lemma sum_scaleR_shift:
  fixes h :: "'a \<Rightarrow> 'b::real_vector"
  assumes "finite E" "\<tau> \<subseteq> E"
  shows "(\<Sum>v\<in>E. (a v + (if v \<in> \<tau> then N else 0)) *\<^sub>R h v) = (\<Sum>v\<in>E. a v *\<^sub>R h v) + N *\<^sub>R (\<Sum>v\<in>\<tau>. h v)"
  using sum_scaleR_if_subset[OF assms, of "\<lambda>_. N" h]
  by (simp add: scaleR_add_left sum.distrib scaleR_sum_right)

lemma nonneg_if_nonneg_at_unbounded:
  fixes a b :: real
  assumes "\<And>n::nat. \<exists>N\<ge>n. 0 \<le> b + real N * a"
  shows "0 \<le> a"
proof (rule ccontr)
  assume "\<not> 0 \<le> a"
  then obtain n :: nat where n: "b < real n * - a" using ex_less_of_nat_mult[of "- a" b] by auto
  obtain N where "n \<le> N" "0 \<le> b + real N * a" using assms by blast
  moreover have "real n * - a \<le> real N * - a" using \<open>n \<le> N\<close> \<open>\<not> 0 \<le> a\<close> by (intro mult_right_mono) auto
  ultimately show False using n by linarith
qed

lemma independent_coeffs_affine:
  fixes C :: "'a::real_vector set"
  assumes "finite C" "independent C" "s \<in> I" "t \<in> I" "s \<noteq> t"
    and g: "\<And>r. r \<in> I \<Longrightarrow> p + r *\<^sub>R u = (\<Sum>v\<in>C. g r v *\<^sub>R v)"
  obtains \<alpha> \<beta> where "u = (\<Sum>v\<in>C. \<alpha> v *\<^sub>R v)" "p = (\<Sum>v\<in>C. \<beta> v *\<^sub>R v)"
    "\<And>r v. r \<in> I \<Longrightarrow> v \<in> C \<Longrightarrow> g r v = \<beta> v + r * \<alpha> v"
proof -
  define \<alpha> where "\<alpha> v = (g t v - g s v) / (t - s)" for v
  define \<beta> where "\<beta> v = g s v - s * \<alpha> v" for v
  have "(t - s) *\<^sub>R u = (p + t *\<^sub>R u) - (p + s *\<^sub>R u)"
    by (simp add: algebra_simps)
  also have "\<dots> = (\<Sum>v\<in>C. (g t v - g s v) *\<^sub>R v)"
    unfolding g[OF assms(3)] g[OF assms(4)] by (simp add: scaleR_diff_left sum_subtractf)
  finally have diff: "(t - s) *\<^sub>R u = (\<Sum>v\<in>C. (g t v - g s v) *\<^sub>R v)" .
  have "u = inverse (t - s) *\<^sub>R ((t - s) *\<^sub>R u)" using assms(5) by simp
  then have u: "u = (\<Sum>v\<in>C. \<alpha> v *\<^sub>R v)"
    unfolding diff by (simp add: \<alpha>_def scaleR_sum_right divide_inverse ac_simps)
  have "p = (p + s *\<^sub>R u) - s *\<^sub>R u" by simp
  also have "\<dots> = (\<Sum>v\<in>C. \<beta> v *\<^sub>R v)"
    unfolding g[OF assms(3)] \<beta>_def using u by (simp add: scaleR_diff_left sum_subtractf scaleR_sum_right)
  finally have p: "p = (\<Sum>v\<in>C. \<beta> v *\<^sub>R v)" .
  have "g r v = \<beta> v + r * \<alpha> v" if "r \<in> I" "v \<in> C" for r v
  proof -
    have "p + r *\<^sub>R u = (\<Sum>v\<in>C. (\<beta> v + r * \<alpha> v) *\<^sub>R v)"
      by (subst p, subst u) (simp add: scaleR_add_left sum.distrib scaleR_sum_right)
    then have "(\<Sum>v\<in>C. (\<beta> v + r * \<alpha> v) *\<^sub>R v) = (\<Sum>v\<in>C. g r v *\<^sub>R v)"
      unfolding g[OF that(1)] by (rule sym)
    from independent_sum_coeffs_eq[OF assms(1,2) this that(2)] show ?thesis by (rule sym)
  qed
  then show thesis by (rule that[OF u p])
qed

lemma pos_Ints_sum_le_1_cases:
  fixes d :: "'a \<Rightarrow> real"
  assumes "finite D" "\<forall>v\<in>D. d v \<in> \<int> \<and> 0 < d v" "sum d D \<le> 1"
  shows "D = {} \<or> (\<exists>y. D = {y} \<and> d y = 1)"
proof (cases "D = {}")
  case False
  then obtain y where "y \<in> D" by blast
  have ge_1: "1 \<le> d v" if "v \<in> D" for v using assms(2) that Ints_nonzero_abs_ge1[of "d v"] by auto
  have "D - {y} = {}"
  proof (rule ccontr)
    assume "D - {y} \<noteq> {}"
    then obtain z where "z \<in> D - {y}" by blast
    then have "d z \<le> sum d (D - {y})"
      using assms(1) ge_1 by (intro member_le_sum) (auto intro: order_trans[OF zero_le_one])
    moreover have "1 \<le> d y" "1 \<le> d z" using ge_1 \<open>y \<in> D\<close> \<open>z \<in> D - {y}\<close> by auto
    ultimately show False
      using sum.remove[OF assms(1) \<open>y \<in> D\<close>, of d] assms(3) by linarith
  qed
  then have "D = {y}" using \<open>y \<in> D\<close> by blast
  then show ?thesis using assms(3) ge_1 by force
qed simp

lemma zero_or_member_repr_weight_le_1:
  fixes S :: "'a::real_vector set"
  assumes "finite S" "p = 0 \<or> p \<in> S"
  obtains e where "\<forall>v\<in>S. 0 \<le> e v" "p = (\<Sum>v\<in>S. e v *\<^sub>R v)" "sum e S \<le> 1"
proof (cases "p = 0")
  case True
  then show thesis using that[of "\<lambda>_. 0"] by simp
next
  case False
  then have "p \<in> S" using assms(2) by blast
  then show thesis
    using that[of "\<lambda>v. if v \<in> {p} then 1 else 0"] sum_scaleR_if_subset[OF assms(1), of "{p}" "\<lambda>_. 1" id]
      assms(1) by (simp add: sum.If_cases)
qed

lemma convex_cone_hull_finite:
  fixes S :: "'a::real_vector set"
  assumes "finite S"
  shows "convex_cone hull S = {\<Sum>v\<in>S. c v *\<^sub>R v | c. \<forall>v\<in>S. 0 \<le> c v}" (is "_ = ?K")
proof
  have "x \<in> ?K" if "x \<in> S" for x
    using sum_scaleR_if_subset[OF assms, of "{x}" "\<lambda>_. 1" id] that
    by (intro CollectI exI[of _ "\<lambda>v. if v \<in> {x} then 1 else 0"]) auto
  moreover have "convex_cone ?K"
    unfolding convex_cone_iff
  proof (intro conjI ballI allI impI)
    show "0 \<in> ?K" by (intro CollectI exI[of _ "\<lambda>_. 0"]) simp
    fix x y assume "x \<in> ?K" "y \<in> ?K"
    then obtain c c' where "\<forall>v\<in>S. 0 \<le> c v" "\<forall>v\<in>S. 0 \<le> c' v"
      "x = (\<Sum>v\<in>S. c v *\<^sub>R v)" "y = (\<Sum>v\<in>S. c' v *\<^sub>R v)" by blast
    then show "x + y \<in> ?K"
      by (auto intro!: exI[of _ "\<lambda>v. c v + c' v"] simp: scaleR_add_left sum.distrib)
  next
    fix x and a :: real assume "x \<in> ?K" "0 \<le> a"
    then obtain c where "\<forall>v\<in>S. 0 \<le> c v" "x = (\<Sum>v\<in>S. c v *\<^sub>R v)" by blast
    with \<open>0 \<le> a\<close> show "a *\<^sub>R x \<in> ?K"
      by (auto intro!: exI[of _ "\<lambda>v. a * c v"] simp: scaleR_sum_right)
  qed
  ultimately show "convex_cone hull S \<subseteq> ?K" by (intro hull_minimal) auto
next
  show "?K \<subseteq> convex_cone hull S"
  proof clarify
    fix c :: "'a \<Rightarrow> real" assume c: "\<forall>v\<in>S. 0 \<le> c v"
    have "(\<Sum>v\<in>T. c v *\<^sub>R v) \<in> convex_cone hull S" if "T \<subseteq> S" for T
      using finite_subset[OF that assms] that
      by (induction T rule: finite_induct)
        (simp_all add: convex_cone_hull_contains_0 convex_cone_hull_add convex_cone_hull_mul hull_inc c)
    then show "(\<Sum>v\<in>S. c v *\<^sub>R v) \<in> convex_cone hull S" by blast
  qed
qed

==============================

YOUR TASK -> Scan the lines above for the word "lambda", then copy each line that has it.

ANSWER TO THIS PROBLEM ->
  using sum_scaleR_if_subset[OF assms, of "\<lambda>_. N" h]
  then show thesis using that[of "\<lambda>_. 0"] by simp
    using that[of "\<lambda>v. if v \<in> {p} then 1 else 0"] sum_scaleR_if_subset[OF assms(1), of "{p}" "\<lambda>_. 1" id]
    using sum_scaleR_if_subset[OF assms, of "{x}" "\<lambda>_. 1" id] that
    by (intro CollectI exI[of _ "\<lambda>v. if v \<in> {x} then 1 else 0"]) auto
    show "0 \<in> ?K" by (intro CollectI exI[of _ "\<lambda>_. 0"]) simp
      by (auto intro!: exI[of _ "\<lambda>v. c v + c' v"] simp: scaleR_add_left sum.distrib)
      by (auto intro!: exI[of _ "\<lambda>v. a * c v"] simp: scaleR_sum_right)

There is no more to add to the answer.